== Input material ==

lemma card_decomposable_translates_ge_star:
  fixes E :: "('a::{field,finite} ^ ('n::finite \<times> 'n)) set"
  assumes E: "vec.subspace E" and w0: "w0 \<notin> E" "w0 = wedge x y"
    and p: "p \<noteq> 0" and xy: "wedge p x \<in> E" "wedge p y \<in> E"
  shows "CARD('a)^2 \<le> card {e \<in> E. decomposable (w0 + e)}"
proof -
  define S where "S = vec.span {wedge p x, wedge p y}"
  have "S \<subseteq> E" unfolding S_def using xy E by (intro vec.span_minimal) auto
  have "S \<subseteq> {e \<in> E. decomposable (w0 + e)}"
  proof
    fix e assume "e \<in> S"
    then obtain \<alpha> \<beta> where "e = \<alpha> *s wedge p x + \<beta> *s wedge p y" by (auto simp: S_def span_pair)
    then have "e = wedge p (\<alpha> *s x + \<beta> *s y)" by (simp add: wedge_linear)
    moreover have "\<alpha> *s x + \<beta> *s y \<in> vec.span {x, y}" by (auto simp: span_pair)
    ultimately have "is_wedge (w0 + e)" using is_wedge_add_wedge w0(2) by blast
    moreover have "e \<in> E" using \<open>e \<in> S\<close> \<open>S \<subseteq> E\<close> by blast
    ultimately show "e \<in> {e \<in> E. decomposable (w0 + e)}"
      using add_ne_0_if_not_mem[OF E w0(1)] by (simp add: decomposable_iff_is_wedge)
  qed
  then have "card S \<le> card {e \<in> E. decomposable (w0 + e)}" by (intro card_mono) auto
  moreover have "CARD('a)^2 \<le> card S" unfolding S_def
    using wedges_not_parallel_if_not_mem[OF E w0(1)[unfolded w0(2)] p xy]
    by (intro card_subspace_ge_if_not_parallel[OF vec.subspace_span]) (simp_all add: vec.span_base)
  ultimately show ?thesis by linarith
qed

lemma VE_subset_if_star:
  assumes E: "vec.subspace E" and star: "E - {0} \<subseteq> range (wedge p)"
  shows "VE E \<subseteq> {v. wedge p v \<in> E}"
proof (rule VE_subset)
  show "vec.subspace {v. wedge p v \<in> E}"
    by (rule vec.subspaceI) (auto simp: wedge_linear vec.subspace_0[OF E]
        intro: vec.subspace_add[OF E] vec.subspace_scale[OF E])
  fix f assume f: "f \<in> E" "f \<noteq> 0"
  then obtain y where y: "f = wedge p y" using star by blast
  show "Vw f \<subseteq> {v. wedge p v \<in> E}"
  proof
    fix v assume "v \<in> Vw f"
    then obtain \<alpha> \<beta> where "v = \<alpha> *s p + \<beta> *s y"
      using Vw_wedge[of p y] f(2) y by (auto simp: span_pair)
    then have "wedge p v = \<beta> *s f" using y by (simp add: wedge_linear)
    then show "v \<in> {v. wedge p v \<in> E}" using vec.subspace_scale[OF E f(1)] by simp
  qed
qed

lemma VE_subset_if_plane:
  assumes plane: "E - {0} \<subseteq> {wedge a b | a b. a \<in> vec.span U \<and> b \<in> vec.span U}"
  shows "VE E \<subseteq> vec.span U"
proof (rule VE_subset[OF vec.subspace_span])
  fix f assume f: "f \<in> E" "f \<noteq> 0"
  then obtain a b where ab: "a \<in> vec.span U" "b \<in> vec.span U" "f = wedge a b" using plane by blast
  then have "Vw f = vec.span {a, b}" using Vw_wedge f(2) by blast
  then show "Vw f \<subseteq> vec.span U" using ab by (simp add: vec.span_minimal)
qed

lemma card_decomposable_translates_ge_plane:
  fixes E :: "('a::{field,finite} ^ ('n::finite \<times> 'n)) set"
  assumes E: "vec.subspace E" and w0: "w0 \<notin> E" "w0 = wedge x y"
    and xy: "x \<in> vec.span {p, s, t}" "y \<in> vec.span {p, s, t}"
    and plane: "E - {0} \<subseteq> {wedge a b | a b. a \<in> vec.span {p, s, t} \<and> b \<in> vec.span {p, s, t}}"
    and f: "f0 \<in> E" "f1 \<in> E" "f0 \<noteq> 0" "f1 \<notin> vec.span {f0}"
  shows "CARD('a)^2 \<le> card {e \<in> E. decomposable (w0 + e)}"
proof -
  define W where "W = vec.span {wedge p s, wedge p t, wedge s t}"
  have "w0 \<in> W" unfolding W_def w0(2) using xy by (rule wedge_mem_span_wedges)
  have "E \<subseteq> W"
  proof
    fix e assume "e \<in> E"
    show "e \<in> W"
    proof (cases "e = 0")
      case False
      then show ?thesis using plane \<open>e \<in> E\<close> wedge_mem_span_wedges unfolding W_def by blast
    qed (simp add: W_def vec.span_zero)
  qed
  have "E \<subseteq> {e \<in> E. decomposable (w0 + e)}"
  proof
    fix e assume "e \<in> E"
    then have "w0 + e \<in> W" using \<open>w0 \<in> W\<close> \<open>E \<subseteq> W\<close> unfolding W_def by (blast intro: vec.span_add)
    then have "is_wedge (w0 + e)" unfolding W_def by (rule is_wedge_if_mem_span_wedges)
    then show "e \<in> {e \<in> E. decomposable (w0 + e)}"
      using \<open>e \<in> E\<close> add_ne_0_if_not_mem[OF E w0(1)] by (simp add: decomposable_iff_is_wedge)
  qed
  then have "card E \<le> card {e \<in> E. decomposable (w0 + e)}" by (intro card_mono) auto
  moreover have "CARD('a)^2 \<le> card E" using card_subspace_ge_if_not_parallel[OF E f] .
  ultimately show ?thesis by linarith
qed

lemma card_decomposable_translates_ge:
  fixes E :: "('a::{field,finite} ^ ('n::finite \<times> 'n)) set"
  assumes E: "vec.subspace E" and decE: "decomposable_subspace E"
    and w0: "w0 \<notin> E" "w0 = wedge x y" and VE: "Vw w0 \<subseteq> VE E"
  shows "CARD('a)^2 \<le> card {e \<in> E. decomposable (w0 + e)}"
proof -
  obtain f0 f1 where f: "f0 \<in> E" "f1 \<in> E" "f0 \<noteq> 0" "f1 \<notin> vec.span {f0}"
    using not_parallel_if_Vw_subset_VE[OF E decE w0 VE] .
  have xy: "x \<in> VE E" "y \<in> VE E" using VE w0(2) wedge_factors_mem_Vw by blast+
  have dec: "\<forall>h\<in>E - {0}. decomposable h" using decE decomposable_subspace_def by blast
  have common: "\<forall>h\<in>E - {0}. \<forall>h'\<in>E - {0}. common_factor h h'"
    using common_factor_if_diff_mem[OF decE] dec vec.subspace_diff[OF E] by blast
  have "f1 \<noteq> 0" using f(4) vec.span_zero by auto
  then obtain p s t where pst: "f0 = wedge p s" "f1 = wedge p t" "wedge p s \<noteq> 0" "t \<notin> vec.span {p, s}"
    using common_factor_not_parallel[OF _ f(3,4)] common f(1-3) by blast
  have "wedge p s \<in> E - {0}" "wedge p t \<in> E - {0}" using f pst \<open>f1 \<noteq> 0\<close> by auto
  from common_factor_family_cases[OF pst(3,4) dec this common]
  consider "E - {0} \<subseteq> range (wedge p)"
    | "E - {0} \<subseteq> {wedge a b | a b. a \<in> vec.span {p, s, t} \<and> b \<in> vec.span {p, s, t}}"
    by blast
  then show ?thesis
  proof cases
    case 1
    then have "VE E \<subseteq> {v. wedge p v \<in> E}" by (rule VE_subset_if_star[OF E])
    then have "wedge p x \<in> E" "wedge p y \<in> E" using xy by auto
    moreover have "p \<noteq> 0" using pst(3) by auto
    ultimately show ?thesis using card_decomposable_translates_ge_star[OF E w0] by blast
  next
    case 2
    then have "x \<in> vec.span {p, s, t}" "y \<in> vec.span {p, s, t}"
      using VE_subset_if_plane xy by blast+
    then show ?thesis using card_decomposable_translates_ge_plane[OF E w0 _ _ 2 f] by blast
  qed
qed

theorem lemma6p3:
  fixes E E1 :: "('a::{field, finite} ^ ('n::finite \<times> 'n)) set"
  assumes m: "CARD('n) > 4"
    and E: "vec.subspace E" and E1: "vec.subspace E1"
    and sub: "E \<subseteq> E1" and E1alt: "E1 \<subseteq> alt2"
    and dim: "vec.dim E1 = vec.dim E + 1"
    and decE: "decomposable_subspace E"
    and ndecE1: "\<not> decomposable_subspace E1"
  shows "card {w \<in> E1 - E. decomposable w} \<le> CARD('a)^2 * (CARD('a) - 1)
    \<and> ((\<exists>w \<in> E1 - E. decomposable w \<and> Vw w \<subseteq> VE E) \<longrightarrow>
         card {w \<in> E1 - E. decomposable w} = CARD('a)^2 * (CARD('a) - 1))"
proof -
  have E1_eq: "E1 = vec.span (insert w0 E)" if "w0 \<in> E1 - E" for w0
    using span_insert_eq_if_dim_Suc[OF E E1 sub dim] that by blast
  have count: "card {w \<in> E1 - E. decomposable w}
      = (CARD('a) - 1) * card {e \<in> E. decomposable (w0 + e)}" if "w0 \<in> E1 - E" for w0
    using card_decomposable_diff[OF E, of w0] E1_eq[OF that] that by simp
  have upper: "card {e \<in> E. decomposable (w0 + e)} \<le> CARD('a)^2"
    if "w0 \<in> E1 - E" "decomposable w0" for w0
    using card_decomposable_translates_le[OF E decE] ndecE1 E1_eq that by blast
  show ?thesis
  proof (intro conjI impI)
    show "card {w \<in> E1 - E. decomposable w} \<le> CARD('a)^2 * (CARD('a) - 1)"
    proof (cases "{w \<in> E1 - E. decomposable w} = {}")
      case False
      then obtain w0 where "w0 \<in> E1 - E" "decomposable w0" by blast
      then show ?thesis using count upper by (simp add: mult.commute)
    qed (simp only: card.empty)
  next
    assume "\<exists>w \<in> E1 - E. decomposable w \<and> Vw w \<subseteq> VE E"
    then obtain w0 x y where w0: "w0 \<in> E1 - E" "decomposable w0" "Vw w0 \<subseteq> VE E" "w0 = wedge x y"
      unfolding decomposable_def by blast
    then have "card {e \<in> E. decomposable (w0 + e)} = CARD('a)^2"
      using upper card_decomposable_translates_ge[OF E decE _ w0(4,3)] by (simp add: le_antisym)
    then show "card {w \<in> E1 - E. decomposable w} = CARD('a)^2 * (CARD('a) - 1)"
      using count w0 by simp
  qed
qed

end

===

Task requirements
Return each line of the entries that holds the string "define".

Result of this exercise
  define S where "S = vec.span {wedge p x, wedge p y}"
  define W where "W = vec.span {wedge p s, wedge p t, wedge s t}"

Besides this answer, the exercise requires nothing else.